Why History?
Understanding Your World, and Yourself
BY DAVID S. LEWIS
To be ignorant of what happened before you were born is to remain a child always.
– Cicero
As people reach middle age you here them say that as kids they didn’t care much for history, but that as they aged they began to find it fascinating (thank goodness, because this month’s issue is loaded with it). These could be people from the days when history was prominently taught in elementary and high schools, giving kids an overview of the foundations of Western Civilization (ancient Egypt and Mesopotamia, the Greeks and Romans, European history, then American history, including the all important American Revolution), but who had foist upon them history courses heavy on memorization and light on good storytelling.
Nowadays, and it may not be fair to generalize, and depending on the school district, there’s another problem—kids learn about history in drips and drabs as it comes up in Social Studies, and critics convincingly assert that this is to the detriment of students and to our country.
Leaving that aside, why do people find history more interesting as they grow older? After all, the history didn’t change, rather something about the people did or their perception of history. Think of it this way. When you’re a kid, everything is new and you barely have a chance to think about how or why things are the way they are. You just take it all in. As you get older, if you have any sense, you begin to question, and as you get a lot older you find yourself wondering about the lives of your parents, all the things they never talked about, that which preceded and set the stage for your own birth, your very existence, and you wonder about your grandparents and the things they endured, having fled perhaps a life and society that offered little hope and quite possibly severe dangers—famine, poverty, oppression, or in more distant times having been brought here on a slave ship. Maybe they settled in Montana as pioneers, eeking out a living on the dry eastern plains, living in a hovel made of sod plucked from the prairie, or perhaps your ancestors’ lives consisted of a combination of these trials and challenges.
How, then, were their hearts and minds shaped by such struggles and triumphs, and did they not pass along something of themselves through the years and generations to you?
By way of example, we called Henry Real Bird recently (see pages 17&20) about Crow Fair and learned that his great grandfather helped bring about the first Crow Fair rodeo, which continues to this day (a modern expression of ancient Crow horse culture), a key part of a gathering that brings together various tribes and preserves their old ways for all to behold and appreciate. This is family history, but also American and tribal history, and through it we broaden our horizons by gaining understanding about the lives of others, enriching our own character.
History is also reality, and just as individuals and families have pasts that shape the present and future, so do peoples, towns and nations. Tracing such threads and footsteps back in time then fundamentally reveals who we are by revealing that which has shaped our identity, or the identity of a people.
It is almost bizarre then that history has taken a back seat to other priorities. A great popular historian of our time, who received the Presidential Medal of Freedom, David McCullough, was quoted last year in Brian Bolduc’s Wall Street Journal article Don’t Know Much About History (also the title of a song by the great Sam Cooke). “We’re raising young people who are, by and large, historically illiterate,” McCullough said. “History textbooks,” he went on, “are “badly written...so politically correct as to be comic.

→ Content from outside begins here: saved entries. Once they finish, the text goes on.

(* Let $n>1$ be an integer and $N=2n-1$. Then there exists a Jacobi matrix $J$ of order $N+1$ that realizes perfect state transfer, with earliest transfer time $T_0$, and has Early State Exclusion. Moreover, for any given positive integer $m$, such a Jacobi matrix $J$ of order $N+1$ can be constructed so that it has $m$ cases of Early State Exclusion, i.e., there exist $m$ distinct times $t_1,\dots,t_m$ with $0<t_j<T_0$ and $(e^{-iJt_j}\mathbf{e}_0,\mathbf{e}_0)_{\mathbb{C}^{N+1}}=0$ for $j=1,\dots,m$.
   Context: A Jacobi matrix of order $N+1$ is a real symmetric tridiagonal $(N+1)\times(N+1)$ matrix $J$ with diagonal entries $a_0,\dots,a_N\in\mathbb{R}$ and off-diagonal entries $b_0,\dots,b_{N-1}>0$. Let $\mathbf{e}_0,\dots,\mathbf{e}_N$ be the standard basis of $\mathbb{C}^{N+1}$. $J$ realizes perfect state transfer (PST) at time $T>0$ if $e^{-iTJ}\mathbf{e}_0=e^{i\phi}\mathbf{e}_N$ for some $\phi\in\mathbb{R}$. If $T_0$ is the earliest (smallest positive) such time, $J$ is said to have Early State Exclusion (ESE) at time $t$ if $0<t<T_0$ and $(e^{-iJt}\mathbf{e}_0,\mathbf{e}_0)_{\mathbb{C}^{N+1}}=0$. *)

theory Defs
  imports "HOL-Analysis.Analysis"
begin

text \<open>Matrices of order N+1 are represented as functions nat => nat => real,
  with indices 0..N; vectors in C^(N+1) as functions nat => complex
  (only the entries with index <= N matter).\<close>

definition jacobi_matrix :: "nat \<Rightarrow> (nat \<Rightarrow> real) \<Rightarrow> (nat \<Rightarrow> real) \<Rightarrow> nat \<Rightarrow> nat \<Rightarrow> real" where
  "jacobi_matrix N a b i j =
     (if i \<le> N \<and> j \<le> N then
        (if i = j then a i else if j = i + 1 then b i else if i = j + 1 then b j else 0)
      else 0)"

definition is_jacobi :: "nat \<Rightarrow> (nat \<Rightarrow> real) \<Rightarrow> bool" where
  "is_jacobi N b \<longleftrightarrow> (\<forall>i<N. b i > 0)"

definition mat_vec :: "nat \<Rightarrow> (nat \<Rightarrow> nat \<Rightarrow> real) \<Rightarrow> (nat \<Rightarrow> complex) \<Rightarrow> nat \<Rightarrow> complex" where
  "mat_vec N M v i = (\<Sum>j\<le>N. complex_of_real (M i j) * v j)"

definition basis_vec :: "nat \<Rightarrow> nat \<Rightarrow> complex" where
  "basis_vec k i = (if i = k then 1 else 0)"

definition evol :: "nat \<Rightarrow> (nat \<Rightarrow> nat \<Rightarrow> real) \<Rightarrow> real \<Rightarrow> (nat \<Rightarrow> complex) \<Rightarrow> nat \<Rightarrow> complex" where
  "evol N M t v i = (\<Sum>k. ((- \<i> * complex_of_real t) ^ k / of_nat (fact k)) * ((mat_vec N M ^^ k) v) i)"

definition inner_C :: "nat \<Rightarrow> (nat \<Rightarrow> complex) \<Rightarrow> (nat \<Rightarrow> complex) \<Rightarrow> complex" where
  "inner_C N u v = (\<Sum>i\<le>N. u i * cnj (v i))"

definition PST :: "nat \<Rightarrow> (nat \<Rightarrow> nat \<Rightarrow> real) \<Rightarrow> real \<Rightarrow> bool" where
  "PST N M T \<longleftrightarrow> T > 0 \<and>
     (\<exists>\<phi>::real. \<forall>i\<le>N. evol N M T (basis_vec 0) i = exp (\<i> * complex_of_real \<phi>) * basis_vec N i)"

definition earliest_PST :: "nat \<Rightarrow> (nat \<Rightarrow> nat \<Rightarrow> real) \<Rightarrow> real \<Rightarrow> bool" where
  "earliest_PST N M T0 \<longleftrightarrow> PST N M T0 \<and> (\<forall>T. 0 < T \<and> T < T0 \<longrightarrow> \<not> PST N M T)"

definition ESE :: "nat \<Rightarrow> (nat \<Rightarrow> nat \<Rightarrow> real) \<Rightarrow> real \<Rightarrow> real \<Rightarrow> bool" where
  "ESE N M T0 t \<longleftrightarrow> 0 < t \<and> t < T0 \<and> inner_C N (evol N M t (basis_vec 0)) (basis_vec 0) = 0"

end

theory Submission
  imports Defs "HOL-Computational_Algebra.Polynomial"
begin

Very minor characters that are currently fashionable are given considerable space, whereas people of major consequence (such as inventor Thomas Edison) are given very little space or none at all.”
At an event in October of last year, McCullough remarked, tellingly, that the reason people are taken with his books is because they never learned about the subjects he writes about in school, particularly American History.
We offer no indictment here of local schools, because we have not researched their curricula, but do offer some advice to students, that they emulate those who discover history later in life, and so that advice is simple—read. Start with McCullough (or some author of your choosing). Choosing your fascinations, you will find that which you discover on your own far more interesting than watching TV or texting, and that as you read and learn you hunger for more (and become a more interesting person). It’s a wonderful way, at any age, to supplement your education. We recommend this especially to high school and college-age students. Instead of leaving your education to others, you might take matters into your own hands, develop your mind and understanding. Reading history (and other subjects) also makes sense if you plan to skip college and work in the trades. Reading on your own, you can attain the equivalent of a liberal arts education or better (without the benefit of a degree, but also without the political baggage of a biased professor). The greatest benefit though is to yourself and your growth as a human being. In this media-centric world, what’s more, you won’t be so easily fooled by slogans and sloppy thinking, not when you’ve come into your own by developing your powers of intellectual discrimination.
Note: In 2008 Common Core published a study that documented the knowledge of history and literature of 17 year-old students in the United States. More than one fourth believed Christopher Columbus sailed for the New World after 1750.
A 2010 National Assessment of Educational Progress study showed only 13 percent of high school seniors had proficiency in American history, only 18 percent of eighth graders, and 22 percent of fourth graders.
McCullough offered this insight: “History is often taught in categories—women’s history, African American history, environmental history—so that many students have no sense of chronology…no idea of what followed what.”